TASK INSTRUCTIONS:
Below are the records. Retype exactly the lines between the lines holding "it cancels the" and "(\<tau>(p := of_int", inclusive.

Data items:
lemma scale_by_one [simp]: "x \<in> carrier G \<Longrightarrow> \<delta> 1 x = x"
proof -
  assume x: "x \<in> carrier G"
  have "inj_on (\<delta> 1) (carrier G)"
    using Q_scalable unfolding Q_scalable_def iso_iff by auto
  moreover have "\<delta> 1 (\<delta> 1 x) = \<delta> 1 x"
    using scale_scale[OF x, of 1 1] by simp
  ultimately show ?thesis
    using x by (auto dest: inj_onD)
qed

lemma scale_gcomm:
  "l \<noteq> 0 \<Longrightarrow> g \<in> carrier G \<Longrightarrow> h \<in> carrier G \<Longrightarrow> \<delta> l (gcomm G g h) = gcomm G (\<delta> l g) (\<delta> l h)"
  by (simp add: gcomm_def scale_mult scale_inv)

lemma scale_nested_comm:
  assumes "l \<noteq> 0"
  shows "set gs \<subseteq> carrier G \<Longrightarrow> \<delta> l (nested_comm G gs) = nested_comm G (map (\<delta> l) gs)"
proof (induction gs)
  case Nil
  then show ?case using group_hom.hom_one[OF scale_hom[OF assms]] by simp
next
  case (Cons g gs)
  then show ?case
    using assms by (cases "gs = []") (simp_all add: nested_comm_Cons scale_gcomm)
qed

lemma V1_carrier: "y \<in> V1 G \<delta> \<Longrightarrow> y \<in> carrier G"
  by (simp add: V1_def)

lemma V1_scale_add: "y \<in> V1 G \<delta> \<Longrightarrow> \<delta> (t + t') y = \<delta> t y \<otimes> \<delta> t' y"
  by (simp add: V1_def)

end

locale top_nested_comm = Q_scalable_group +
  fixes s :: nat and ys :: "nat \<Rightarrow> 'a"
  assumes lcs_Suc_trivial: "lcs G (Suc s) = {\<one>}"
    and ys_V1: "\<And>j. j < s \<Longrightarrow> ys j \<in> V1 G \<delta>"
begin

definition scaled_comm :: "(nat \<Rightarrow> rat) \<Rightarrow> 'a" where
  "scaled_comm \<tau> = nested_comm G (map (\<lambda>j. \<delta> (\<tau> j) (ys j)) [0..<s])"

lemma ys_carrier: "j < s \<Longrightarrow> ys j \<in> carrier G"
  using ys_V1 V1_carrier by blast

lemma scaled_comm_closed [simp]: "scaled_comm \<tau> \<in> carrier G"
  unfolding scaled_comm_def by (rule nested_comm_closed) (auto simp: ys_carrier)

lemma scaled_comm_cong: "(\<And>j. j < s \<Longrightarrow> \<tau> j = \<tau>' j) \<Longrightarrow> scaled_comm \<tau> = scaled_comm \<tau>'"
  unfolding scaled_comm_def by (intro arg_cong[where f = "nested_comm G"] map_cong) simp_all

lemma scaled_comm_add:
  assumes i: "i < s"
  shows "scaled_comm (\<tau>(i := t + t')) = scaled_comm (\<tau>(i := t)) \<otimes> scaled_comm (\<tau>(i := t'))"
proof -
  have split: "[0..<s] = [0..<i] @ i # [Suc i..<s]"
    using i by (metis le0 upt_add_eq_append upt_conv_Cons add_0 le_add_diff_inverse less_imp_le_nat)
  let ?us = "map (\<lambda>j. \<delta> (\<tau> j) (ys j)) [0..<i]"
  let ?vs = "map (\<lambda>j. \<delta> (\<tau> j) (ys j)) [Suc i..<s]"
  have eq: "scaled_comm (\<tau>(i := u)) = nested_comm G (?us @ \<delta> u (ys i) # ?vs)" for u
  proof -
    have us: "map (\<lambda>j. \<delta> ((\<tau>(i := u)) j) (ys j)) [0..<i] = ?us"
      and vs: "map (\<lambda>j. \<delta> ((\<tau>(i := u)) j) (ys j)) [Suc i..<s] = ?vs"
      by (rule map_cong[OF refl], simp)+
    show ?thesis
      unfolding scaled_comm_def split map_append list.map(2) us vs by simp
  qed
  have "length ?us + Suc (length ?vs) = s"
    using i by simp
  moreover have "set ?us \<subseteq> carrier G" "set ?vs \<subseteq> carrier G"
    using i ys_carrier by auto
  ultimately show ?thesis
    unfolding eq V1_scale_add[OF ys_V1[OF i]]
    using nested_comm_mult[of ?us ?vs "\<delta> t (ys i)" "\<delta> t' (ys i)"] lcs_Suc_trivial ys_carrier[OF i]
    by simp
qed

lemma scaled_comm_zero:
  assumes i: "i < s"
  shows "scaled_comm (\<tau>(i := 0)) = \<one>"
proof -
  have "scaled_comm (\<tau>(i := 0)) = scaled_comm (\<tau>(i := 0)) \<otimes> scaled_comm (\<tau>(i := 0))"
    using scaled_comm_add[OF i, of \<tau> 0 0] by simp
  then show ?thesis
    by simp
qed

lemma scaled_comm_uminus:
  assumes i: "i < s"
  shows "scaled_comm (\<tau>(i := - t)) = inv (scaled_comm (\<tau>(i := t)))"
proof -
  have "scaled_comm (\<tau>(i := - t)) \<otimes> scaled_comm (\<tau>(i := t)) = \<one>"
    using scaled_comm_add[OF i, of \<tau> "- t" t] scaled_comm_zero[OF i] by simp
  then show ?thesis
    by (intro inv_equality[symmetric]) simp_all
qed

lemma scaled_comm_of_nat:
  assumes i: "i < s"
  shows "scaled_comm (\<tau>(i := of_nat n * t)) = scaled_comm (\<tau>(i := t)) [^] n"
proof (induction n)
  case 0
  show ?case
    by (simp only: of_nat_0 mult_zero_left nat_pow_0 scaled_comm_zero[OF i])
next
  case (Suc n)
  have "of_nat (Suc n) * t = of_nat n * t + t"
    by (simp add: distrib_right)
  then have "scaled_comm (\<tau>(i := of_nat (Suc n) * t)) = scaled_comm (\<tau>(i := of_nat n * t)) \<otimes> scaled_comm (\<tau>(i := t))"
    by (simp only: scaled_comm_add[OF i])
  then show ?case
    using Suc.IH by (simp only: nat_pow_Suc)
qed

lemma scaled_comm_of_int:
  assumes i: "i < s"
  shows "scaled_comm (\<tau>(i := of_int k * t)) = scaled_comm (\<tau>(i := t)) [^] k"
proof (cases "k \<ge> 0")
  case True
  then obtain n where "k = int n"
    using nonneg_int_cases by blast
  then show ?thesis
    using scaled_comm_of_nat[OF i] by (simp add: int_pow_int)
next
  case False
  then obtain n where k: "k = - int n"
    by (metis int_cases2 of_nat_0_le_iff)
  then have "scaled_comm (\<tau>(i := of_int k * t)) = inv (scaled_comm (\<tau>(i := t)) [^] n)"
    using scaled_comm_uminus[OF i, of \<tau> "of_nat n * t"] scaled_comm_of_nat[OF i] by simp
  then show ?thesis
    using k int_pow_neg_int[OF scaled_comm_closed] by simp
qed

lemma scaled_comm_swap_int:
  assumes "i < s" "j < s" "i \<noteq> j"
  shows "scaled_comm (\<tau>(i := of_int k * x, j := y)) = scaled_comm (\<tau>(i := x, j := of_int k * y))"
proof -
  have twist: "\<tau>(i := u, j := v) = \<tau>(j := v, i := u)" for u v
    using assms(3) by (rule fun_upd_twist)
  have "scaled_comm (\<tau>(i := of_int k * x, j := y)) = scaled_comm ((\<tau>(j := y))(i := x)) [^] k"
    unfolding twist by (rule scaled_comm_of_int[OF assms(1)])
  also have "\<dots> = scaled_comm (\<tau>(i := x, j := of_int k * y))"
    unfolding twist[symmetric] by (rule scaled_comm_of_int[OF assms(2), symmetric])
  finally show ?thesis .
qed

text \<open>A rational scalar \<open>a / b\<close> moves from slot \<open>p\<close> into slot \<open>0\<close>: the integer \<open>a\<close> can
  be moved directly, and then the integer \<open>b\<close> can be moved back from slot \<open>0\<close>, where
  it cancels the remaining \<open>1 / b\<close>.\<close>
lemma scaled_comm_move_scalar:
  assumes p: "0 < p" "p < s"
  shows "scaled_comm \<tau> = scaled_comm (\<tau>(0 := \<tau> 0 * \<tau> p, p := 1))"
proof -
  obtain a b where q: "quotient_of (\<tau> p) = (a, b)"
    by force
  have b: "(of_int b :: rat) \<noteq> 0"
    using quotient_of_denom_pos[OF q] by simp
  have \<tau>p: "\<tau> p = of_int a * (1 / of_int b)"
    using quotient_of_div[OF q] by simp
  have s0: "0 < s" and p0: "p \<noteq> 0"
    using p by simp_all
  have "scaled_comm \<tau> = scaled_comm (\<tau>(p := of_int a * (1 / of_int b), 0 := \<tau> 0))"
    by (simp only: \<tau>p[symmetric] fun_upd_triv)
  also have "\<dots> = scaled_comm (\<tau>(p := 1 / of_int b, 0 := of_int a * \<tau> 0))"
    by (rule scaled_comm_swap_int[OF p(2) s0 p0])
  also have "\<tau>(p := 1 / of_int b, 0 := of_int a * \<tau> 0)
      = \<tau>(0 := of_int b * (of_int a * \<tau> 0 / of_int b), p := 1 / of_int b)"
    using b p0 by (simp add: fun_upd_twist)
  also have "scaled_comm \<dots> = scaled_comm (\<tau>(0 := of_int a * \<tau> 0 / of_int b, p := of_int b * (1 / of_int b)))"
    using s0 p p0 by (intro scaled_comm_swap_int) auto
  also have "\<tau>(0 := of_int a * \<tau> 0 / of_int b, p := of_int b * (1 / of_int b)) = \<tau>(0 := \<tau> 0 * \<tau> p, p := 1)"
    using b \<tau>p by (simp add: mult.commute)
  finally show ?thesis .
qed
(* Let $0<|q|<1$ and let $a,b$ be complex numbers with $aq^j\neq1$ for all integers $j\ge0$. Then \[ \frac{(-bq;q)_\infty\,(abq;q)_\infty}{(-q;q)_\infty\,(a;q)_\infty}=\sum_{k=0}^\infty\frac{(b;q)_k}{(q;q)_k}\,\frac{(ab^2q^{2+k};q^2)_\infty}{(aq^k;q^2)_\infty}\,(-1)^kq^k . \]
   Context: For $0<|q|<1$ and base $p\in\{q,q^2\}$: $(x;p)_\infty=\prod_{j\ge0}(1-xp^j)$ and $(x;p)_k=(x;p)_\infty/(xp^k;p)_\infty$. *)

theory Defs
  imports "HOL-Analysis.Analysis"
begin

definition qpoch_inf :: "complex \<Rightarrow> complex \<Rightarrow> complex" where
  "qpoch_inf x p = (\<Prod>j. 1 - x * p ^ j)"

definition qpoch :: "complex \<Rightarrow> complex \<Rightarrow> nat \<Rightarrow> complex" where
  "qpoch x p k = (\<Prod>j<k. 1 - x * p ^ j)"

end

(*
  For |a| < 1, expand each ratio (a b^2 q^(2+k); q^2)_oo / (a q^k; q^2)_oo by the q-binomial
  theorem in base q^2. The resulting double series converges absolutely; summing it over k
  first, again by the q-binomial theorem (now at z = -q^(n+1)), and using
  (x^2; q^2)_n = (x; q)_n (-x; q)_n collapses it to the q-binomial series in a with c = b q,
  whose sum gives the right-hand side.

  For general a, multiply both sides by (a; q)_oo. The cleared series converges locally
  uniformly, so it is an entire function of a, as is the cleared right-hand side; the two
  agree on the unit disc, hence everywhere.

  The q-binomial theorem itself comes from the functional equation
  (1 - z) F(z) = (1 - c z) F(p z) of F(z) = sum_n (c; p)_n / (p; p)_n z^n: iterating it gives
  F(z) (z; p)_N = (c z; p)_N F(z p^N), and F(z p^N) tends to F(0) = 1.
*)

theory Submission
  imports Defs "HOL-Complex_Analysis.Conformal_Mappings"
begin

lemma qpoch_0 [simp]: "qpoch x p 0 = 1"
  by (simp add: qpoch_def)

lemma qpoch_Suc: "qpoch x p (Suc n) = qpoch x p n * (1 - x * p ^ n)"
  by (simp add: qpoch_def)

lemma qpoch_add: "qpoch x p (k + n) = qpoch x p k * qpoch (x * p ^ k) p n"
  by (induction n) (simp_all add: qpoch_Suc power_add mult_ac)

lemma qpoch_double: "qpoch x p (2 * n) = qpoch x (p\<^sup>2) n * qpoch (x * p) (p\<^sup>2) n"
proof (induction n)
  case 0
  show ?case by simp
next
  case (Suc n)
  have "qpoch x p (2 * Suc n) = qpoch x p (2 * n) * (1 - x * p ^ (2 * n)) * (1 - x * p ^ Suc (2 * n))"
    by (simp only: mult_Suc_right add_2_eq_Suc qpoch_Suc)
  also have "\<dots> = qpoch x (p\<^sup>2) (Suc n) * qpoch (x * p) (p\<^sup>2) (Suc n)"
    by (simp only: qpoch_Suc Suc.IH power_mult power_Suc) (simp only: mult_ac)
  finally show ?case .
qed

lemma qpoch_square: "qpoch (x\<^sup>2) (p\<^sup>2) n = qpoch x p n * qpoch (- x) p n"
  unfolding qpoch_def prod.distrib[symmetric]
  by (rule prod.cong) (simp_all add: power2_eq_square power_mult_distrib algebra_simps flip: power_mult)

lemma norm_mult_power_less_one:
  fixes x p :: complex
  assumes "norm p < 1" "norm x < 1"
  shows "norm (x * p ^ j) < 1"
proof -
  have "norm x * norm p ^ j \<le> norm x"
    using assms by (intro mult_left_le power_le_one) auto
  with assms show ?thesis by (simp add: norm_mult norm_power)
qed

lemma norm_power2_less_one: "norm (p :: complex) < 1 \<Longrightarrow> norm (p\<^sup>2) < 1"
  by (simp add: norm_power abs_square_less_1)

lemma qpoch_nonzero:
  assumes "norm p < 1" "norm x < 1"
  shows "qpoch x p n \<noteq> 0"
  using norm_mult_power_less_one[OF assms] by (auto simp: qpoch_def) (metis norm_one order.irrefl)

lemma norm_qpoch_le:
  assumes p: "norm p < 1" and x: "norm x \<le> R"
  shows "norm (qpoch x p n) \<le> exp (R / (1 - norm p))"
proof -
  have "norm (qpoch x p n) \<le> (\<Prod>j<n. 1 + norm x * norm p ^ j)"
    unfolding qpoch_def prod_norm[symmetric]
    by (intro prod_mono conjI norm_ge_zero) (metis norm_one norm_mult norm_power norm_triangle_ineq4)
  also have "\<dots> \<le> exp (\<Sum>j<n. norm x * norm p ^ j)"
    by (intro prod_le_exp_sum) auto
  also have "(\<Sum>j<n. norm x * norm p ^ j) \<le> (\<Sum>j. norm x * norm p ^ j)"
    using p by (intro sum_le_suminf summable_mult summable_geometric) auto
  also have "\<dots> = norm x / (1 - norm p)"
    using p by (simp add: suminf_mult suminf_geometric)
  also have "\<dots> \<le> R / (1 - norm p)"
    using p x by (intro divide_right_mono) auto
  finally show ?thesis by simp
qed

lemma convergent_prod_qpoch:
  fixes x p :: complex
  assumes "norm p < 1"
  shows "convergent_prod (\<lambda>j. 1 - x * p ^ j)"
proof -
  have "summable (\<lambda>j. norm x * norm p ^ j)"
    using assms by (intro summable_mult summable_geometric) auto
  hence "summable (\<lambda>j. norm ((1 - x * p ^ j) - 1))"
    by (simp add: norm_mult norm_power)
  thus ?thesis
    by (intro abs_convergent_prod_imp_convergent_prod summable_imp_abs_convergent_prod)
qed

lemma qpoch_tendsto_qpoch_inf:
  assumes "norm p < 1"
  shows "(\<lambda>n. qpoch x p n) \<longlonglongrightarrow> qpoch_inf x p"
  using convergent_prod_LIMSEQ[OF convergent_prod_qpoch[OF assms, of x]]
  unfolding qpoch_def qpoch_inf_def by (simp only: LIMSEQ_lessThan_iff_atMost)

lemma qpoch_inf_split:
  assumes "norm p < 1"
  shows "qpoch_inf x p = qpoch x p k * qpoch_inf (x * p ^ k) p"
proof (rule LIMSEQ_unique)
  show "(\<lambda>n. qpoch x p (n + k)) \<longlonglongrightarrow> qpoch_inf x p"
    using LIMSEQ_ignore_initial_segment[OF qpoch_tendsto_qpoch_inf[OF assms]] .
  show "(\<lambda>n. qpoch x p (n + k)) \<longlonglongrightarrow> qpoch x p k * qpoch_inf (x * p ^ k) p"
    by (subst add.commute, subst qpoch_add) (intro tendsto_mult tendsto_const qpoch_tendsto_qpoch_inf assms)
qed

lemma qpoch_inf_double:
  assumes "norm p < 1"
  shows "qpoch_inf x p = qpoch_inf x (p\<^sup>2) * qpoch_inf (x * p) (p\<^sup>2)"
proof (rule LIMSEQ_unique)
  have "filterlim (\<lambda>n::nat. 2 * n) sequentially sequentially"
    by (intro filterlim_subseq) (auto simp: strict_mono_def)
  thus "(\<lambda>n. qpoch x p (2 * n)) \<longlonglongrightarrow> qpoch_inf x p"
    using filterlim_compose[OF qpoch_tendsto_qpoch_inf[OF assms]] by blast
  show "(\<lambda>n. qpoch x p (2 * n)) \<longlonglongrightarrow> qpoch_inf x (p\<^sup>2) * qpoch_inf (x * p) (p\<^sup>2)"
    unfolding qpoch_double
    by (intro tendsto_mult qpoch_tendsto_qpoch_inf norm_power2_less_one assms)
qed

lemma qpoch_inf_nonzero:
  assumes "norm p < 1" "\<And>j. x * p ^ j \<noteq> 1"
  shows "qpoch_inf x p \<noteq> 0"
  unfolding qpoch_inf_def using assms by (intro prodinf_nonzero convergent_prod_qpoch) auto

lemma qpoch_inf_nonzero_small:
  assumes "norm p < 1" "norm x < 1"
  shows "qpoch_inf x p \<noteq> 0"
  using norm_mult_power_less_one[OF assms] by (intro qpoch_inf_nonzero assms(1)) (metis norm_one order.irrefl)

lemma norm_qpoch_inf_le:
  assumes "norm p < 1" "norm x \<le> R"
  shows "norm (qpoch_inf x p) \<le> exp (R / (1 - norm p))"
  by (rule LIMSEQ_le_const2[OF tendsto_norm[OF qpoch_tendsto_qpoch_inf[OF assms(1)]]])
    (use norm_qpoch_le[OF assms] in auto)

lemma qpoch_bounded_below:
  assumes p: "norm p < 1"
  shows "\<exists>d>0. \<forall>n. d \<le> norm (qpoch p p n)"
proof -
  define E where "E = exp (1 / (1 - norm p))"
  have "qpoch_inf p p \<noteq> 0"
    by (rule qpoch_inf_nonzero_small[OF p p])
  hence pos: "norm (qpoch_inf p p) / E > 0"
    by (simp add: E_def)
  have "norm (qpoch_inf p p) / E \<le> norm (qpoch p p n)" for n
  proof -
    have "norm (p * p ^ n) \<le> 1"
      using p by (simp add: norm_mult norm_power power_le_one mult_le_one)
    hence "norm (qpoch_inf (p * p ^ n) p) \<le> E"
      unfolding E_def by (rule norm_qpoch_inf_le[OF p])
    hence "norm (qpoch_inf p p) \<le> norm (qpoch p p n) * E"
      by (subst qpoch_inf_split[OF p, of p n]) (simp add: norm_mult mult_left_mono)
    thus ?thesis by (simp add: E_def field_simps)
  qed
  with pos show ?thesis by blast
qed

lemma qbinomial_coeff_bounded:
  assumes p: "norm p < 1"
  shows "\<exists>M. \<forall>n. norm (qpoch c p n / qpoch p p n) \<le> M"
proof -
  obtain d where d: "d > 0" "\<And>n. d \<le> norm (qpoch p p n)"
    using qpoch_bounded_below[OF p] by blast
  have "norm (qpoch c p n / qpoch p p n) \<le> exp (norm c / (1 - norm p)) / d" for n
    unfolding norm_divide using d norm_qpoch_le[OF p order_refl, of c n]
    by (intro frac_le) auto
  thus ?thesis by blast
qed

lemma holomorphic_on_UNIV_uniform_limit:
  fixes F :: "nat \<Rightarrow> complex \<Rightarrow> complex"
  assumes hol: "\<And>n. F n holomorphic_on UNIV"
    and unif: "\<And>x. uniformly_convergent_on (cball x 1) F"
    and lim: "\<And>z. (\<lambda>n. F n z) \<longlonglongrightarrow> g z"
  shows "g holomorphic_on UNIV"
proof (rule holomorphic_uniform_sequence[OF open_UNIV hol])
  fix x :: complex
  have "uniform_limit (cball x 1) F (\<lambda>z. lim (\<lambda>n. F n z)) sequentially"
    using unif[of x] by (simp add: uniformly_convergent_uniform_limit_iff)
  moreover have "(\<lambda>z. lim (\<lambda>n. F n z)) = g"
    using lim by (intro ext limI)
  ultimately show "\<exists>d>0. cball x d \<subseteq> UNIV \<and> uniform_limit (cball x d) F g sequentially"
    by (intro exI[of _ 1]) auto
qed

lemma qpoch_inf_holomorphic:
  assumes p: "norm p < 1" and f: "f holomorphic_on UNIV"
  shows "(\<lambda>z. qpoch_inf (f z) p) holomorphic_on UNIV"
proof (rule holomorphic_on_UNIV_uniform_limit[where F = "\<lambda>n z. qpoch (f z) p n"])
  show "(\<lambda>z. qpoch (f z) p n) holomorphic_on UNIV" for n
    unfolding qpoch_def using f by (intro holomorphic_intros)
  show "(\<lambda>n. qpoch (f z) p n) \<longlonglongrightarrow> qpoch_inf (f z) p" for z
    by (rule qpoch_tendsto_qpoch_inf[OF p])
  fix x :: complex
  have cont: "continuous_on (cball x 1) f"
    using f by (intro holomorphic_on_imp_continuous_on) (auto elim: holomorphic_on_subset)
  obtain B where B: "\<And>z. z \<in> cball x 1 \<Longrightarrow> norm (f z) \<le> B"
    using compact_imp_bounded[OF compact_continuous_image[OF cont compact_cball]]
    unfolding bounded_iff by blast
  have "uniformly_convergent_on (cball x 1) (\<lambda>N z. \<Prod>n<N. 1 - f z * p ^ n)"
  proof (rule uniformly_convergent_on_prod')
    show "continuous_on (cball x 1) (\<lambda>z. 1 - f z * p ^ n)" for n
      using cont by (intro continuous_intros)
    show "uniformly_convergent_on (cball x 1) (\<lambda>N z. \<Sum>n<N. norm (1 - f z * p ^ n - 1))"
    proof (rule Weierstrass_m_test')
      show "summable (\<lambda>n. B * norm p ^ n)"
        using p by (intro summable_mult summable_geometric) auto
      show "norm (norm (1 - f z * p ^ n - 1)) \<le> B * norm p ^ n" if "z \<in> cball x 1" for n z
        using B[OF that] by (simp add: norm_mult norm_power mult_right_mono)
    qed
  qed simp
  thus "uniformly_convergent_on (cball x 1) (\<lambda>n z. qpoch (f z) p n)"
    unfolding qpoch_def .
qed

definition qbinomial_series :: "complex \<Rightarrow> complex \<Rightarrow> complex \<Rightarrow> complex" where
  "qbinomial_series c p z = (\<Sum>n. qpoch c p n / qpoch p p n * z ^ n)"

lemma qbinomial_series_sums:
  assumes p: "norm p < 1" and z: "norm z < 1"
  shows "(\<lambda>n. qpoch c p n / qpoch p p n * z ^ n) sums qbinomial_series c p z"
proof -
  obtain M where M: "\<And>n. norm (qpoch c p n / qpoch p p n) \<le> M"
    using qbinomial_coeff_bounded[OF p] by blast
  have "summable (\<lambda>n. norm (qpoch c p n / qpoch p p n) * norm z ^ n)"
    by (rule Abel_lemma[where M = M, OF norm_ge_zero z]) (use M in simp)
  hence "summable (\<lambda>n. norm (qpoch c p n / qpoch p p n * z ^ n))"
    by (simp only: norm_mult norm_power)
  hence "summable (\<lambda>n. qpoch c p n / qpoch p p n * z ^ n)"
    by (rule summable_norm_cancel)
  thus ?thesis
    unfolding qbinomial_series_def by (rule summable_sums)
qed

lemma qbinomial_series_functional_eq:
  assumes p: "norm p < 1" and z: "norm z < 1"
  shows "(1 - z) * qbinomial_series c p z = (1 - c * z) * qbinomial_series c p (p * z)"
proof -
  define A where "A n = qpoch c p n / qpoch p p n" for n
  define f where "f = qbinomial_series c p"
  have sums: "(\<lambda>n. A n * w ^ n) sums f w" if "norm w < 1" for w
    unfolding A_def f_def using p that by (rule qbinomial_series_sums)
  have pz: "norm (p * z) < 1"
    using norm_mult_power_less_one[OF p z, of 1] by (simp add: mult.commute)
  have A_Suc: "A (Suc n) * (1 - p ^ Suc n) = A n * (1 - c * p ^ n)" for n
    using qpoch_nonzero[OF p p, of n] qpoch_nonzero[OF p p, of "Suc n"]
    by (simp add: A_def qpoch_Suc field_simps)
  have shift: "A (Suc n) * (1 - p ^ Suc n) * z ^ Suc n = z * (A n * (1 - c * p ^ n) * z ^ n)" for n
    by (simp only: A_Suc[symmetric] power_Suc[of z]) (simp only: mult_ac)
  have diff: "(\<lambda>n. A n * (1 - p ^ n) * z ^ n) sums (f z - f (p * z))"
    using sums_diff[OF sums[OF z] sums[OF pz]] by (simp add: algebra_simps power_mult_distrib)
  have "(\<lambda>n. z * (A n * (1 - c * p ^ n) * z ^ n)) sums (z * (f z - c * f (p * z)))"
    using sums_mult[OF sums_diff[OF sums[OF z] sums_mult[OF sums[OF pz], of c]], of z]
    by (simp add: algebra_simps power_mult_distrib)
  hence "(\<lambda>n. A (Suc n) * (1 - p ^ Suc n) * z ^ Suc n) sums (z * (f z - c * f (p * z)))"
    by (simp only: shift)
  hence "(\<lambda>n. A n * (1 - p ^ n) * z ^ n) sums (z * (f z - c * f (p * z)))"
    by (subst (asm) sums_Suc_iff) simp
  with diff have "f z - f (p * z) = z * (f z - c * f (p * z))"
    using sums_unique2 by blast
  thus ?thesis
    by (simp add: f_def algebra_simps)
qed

ANSWER BOX:
  it cancels the remaining \<open>1 / b\<close>.\<close>
lemma scaled_comm_move_scalar:
  assumes p: "0 < p" "p < s"
  shows "scaled_comm \<tau> = scaled_comm (\<tau>(0 := \<tau> 0 * \<tau> p, p := 1))"
proof -
  obtain a b where q: "quotient_of (\<tau> p) = (a, b)"
    by force
  have b: "(of_int b :: rat) \<noteq> 0"
    using quotient_of_denom_pos[OF q] by simp
  have \<tau>p: "\<tau> p = of_int a * (1 / of_int b)"
    using quotient_of_div[OF q] by simp
  have s0: "0 < s" and p0: "p \<noteq> 0"
    using p by simp_all
  have "scaled_comm \<tau> = scaled_comm (\<tau>(p := of_int a * (1 / of_int b), 0 := \<tau> 0))"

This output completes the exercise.